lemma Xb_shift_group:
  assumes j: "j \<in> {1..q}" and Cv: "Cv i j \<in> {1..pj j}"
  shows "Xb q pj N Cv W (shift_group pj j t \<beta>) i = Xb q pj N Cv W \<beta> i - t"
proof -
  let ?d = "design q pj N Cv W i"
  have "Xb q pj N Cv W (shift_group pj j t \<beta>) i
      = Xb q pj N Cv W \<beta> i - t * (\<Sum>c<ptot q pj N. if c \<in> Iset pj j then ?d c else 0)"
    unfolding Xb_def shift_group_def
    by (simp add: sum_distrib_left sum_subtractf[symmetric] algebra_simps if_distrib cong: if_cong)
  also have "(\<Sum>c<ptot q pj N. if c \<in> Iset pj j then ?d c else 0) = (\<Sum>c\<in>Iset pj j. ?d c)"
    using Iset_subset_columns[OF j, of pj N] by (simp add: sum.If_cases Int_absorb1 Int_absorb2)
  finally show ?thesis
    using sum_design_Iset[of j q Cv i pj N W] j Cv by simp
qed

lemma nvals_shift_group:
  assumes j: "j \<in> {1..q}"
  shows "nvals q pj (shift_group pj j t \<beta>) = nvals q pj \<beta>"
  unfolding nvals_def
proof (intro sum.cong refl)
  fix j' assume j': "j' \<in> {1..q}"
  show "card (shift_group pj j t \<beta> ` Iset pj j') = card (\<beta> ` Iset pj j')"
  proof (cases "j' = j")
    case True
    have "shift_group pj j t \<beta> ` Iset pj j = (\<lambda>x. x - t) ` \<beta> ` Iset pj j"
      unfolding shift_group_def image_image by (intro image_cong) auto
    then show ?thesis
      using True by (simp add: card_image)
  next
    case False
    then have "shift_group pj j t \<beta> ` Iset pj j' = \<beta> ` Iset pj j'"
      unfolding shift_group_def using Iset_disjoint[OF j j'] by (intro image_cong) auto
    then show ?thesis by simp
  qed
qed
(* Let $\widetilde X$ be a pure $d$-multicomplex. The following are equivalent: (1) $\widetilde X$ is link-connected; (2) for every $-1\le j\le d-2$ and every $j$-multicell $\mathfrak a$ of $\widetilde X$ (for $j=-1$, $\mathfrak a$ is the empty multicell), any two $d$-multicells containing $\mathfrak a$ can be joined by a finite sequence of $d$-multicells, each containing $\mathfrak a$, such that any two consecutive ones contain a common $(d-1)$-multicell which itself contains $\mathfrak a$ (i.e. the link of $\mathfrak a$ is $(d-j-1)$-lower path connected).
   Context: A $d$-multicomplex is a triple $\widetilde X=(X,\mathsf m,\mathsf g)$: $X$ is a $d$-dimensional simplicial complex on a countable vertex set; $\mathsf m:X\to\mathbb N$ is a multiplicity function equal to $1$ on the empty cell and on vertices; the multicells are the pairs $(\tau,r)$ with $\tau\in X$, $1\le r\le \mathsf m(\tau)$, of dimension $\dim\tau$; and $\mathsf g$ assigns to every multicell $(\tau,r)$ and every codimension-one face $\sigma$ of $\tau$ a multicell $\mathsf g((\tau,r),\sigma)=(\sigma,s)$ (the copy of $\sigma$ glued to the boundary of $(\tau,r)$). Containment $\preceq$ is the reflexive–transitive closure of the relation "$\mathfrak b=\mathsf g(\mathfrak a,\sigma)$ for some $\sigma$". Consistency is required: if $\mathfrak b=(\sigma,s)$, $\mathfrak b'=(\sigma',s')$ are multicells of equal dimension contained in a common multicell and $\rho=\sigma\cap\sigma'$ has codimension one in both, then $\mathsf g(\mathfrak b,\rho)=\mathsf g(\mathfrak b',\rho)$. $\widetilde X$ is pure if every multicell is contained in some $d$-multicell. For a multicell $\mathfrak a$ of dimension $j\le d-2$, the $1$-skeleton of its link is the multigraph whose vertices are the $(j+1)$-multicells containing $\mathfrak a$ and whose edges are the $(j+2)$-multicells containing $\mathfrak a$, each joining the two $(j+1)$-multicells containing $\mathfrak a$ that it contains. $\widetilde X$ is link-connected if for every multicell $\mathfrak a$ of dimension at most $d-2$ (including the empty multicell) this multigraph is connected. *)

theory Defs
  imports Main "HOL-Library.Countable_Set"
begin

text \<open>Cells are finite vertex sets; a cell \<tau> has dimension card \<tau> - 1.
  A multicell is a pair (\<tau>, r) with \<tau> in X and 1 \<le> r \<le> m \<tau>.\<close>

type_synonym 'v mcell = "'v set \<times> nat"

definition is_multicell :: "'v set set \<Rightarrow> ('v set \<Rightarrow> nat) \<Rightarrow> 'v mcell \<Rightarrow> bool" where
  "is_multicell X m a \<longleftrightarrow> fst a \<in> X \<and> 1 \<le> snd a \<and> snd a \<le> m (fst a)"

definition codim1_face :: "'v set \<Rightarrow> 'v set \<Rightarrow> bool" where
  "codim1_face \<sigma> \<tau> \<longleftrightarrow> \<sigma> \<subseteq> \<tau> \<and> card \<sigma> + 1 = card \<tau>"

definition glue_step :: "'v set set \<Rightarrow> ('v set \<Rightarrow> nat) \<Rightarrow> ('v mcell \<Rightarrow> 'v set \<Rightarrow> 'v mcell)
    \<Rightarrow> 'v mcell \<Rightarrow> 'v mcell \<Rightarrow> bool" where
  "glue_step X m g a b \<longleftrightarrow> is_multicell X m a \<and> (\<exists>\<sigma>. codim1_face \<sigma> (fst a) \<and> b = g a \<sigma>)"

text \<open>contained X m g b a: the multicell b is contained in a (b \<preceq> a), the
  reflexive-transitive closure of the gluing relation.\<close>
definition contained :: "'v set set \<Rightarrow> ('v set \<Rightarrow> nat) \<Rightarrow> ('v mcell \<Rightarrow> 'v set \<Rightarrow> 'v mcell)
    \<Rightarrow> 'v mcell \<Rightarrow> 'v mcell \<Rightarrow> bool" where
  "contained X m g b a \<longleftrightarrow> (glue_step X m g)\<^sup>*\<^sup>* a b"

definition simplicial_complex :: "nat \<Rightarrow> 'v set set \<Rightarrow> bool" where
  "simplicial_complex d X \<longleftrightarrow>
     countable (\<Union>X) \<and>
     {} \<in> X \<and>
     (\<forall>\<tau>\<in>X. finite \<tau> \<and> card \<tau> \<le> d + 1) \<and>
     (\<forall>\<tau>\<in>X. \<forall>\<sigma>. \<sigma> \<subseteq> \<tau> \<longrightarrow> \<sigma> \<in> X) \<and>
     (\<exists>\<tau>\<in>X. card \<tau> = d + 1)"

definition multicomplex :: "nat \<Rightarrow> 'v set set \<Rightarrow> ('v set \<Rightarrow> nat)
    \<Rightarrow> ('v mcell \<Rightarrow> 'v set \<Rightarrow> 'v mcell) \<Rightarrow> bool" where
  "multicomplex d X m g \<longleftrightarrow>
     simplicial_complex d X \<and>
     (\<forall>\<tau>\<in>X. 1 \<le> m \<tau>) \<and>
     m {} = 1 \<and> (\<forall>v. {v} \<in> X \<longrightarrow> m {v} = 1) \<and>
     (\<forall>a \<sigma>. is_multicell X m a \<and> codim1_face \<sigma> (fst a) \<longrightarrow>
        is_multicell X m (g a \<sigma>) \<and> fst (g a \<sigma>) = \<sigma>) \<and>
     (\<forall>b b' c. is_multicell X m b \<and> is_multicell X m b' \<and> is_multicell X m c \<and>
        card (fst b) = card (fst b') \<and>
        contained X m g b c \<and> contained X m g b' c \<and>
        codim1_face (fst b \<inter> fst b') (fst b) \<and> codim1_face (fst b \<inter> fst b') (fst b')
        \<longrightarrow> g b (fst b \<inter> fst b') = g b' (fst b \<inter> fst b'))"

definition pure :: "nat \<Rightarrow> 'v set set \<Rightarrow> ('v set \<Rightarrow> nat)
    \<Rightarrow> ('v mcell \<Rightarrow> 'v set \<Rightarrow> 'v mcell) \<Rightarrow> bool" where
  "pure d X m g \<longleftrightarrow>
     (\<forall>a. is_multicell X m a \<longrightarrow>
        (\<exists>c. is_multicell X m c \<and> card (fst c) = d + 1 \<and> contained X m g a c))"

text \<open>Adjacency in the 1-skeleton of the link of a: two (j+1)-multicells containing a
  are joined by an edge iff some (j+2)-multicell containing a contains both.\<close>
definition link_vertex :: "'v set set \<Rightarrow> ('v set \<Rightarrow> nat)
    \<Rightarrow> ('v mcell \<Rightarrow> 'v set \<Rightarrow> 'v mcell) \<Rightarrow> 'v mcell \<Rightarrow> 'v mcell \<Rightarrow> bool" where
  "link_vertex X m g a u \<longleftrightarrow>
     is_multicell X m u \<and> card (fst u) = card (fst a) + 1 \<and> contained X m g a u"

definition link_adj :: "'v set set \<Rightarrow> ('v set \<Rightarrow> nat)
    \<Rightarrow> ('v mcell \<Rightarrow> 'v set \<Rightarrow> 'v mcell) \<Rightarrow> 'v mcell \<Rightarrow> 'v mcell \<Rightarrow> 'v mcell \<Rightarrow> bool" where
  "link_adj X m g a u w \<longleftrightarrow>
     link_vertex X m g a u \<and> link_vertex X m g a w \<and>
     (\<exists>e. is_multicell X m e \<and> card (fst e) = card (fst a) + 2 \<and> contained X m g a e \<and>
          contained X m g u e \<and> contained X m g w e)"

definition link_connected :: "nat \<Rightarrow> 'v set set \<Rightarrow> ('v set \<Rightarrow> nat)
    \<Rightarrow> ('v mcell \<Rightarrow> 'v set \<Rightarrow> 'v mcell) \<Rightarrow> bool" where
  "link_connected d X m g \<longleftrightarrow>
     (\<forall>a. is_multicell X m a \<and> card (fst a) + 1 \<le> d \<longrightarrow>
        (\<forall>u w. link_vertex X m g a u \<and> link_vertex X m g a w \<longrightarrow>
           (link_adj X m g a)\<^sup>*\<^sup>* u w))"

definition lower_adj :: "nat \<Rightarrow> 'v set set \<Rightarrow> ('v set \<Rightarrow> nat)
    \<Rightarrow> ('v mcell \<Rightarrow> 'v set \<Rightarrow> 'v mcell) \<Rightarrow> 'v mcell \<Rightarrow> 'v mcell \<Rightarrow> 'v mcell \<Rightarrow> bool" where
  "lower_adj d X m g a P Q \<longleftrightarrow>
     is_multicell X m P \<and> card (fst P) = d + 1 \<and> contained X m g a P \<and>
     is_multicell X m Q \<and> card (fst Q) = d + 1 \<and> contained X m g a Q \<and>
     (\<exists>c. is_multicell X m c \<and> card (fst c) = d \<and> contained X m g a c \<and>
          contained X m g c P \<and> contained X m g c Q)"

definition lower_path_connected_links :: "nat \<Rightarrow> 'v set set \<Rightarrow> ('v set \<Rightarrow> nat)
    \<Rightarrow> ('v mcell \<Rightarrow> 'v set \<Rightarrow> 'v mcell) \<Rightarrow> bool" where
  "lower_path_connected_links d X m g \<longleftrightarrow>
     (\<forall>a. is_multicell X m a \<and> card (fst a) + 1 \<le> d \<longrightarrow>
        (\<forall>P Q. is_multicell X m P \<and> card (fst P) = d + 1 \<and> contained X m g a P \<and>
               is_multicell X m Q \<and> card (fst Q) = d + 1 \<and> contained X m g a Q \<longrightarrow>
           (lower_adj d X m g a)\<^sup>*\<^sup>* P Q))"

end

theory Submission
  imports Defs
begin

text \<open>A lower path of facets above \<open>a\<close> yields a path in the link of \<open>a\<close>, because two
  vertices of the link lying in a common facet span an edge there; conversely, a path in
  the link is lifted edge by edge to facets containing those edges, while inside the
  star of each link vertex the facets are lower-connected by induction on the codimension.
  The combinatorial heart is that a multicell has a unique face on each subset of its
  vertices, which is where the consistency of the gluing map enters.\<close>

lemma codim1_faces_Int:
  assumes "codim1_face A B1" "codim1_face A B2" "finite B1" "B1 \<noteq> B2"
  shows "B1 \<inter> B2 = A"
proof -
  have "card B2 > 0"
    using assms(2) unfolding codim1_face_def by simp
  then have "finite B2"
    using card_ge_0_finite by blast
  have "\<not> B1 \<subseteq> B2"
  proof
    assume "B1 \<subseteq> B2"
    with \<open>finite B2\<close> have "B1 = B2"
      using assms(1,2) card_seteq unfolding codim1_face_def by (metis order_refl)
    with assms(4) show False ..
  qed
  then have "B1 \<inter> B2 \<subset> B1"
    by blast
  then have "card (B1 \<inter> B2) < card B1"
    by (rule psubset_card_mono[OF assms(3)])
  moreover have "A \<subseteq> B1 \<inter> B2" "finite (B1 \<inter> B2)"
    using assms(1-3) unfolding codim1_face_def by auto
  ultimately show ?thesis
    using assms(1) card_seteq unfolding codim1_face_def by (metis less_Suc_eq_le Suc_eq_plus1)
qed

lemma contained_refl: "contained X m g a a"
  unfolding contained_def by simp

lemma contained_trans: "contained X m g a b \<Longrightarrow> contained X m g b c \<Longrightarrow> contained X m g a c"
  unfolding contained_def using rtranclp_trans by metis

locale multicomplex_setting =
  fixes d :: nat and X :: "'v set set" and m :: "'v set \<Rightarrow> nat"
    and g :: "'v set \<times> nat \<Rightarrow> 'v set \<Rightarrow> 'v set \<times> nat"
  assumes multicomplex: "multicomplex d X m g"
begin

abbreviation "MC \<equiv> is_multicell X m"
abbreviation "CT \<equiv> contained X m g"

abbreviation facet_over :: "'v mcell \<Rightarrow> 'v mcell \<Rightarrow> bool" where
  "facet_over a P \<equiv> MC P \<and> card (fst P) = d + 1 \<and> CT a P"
========================================================================
If a line in the records above contains "metis", copy that line.

Worked solution
      using assms(1,2) card_seteq unfolding codim1_face_def by (metis order_refl)
    using assms(1) card_seteq unfolding codim1_face_def by (metis less_Suc_eq_le Suc_eq_plus1)
  unfolding contained_def using rtranclp_trans by metis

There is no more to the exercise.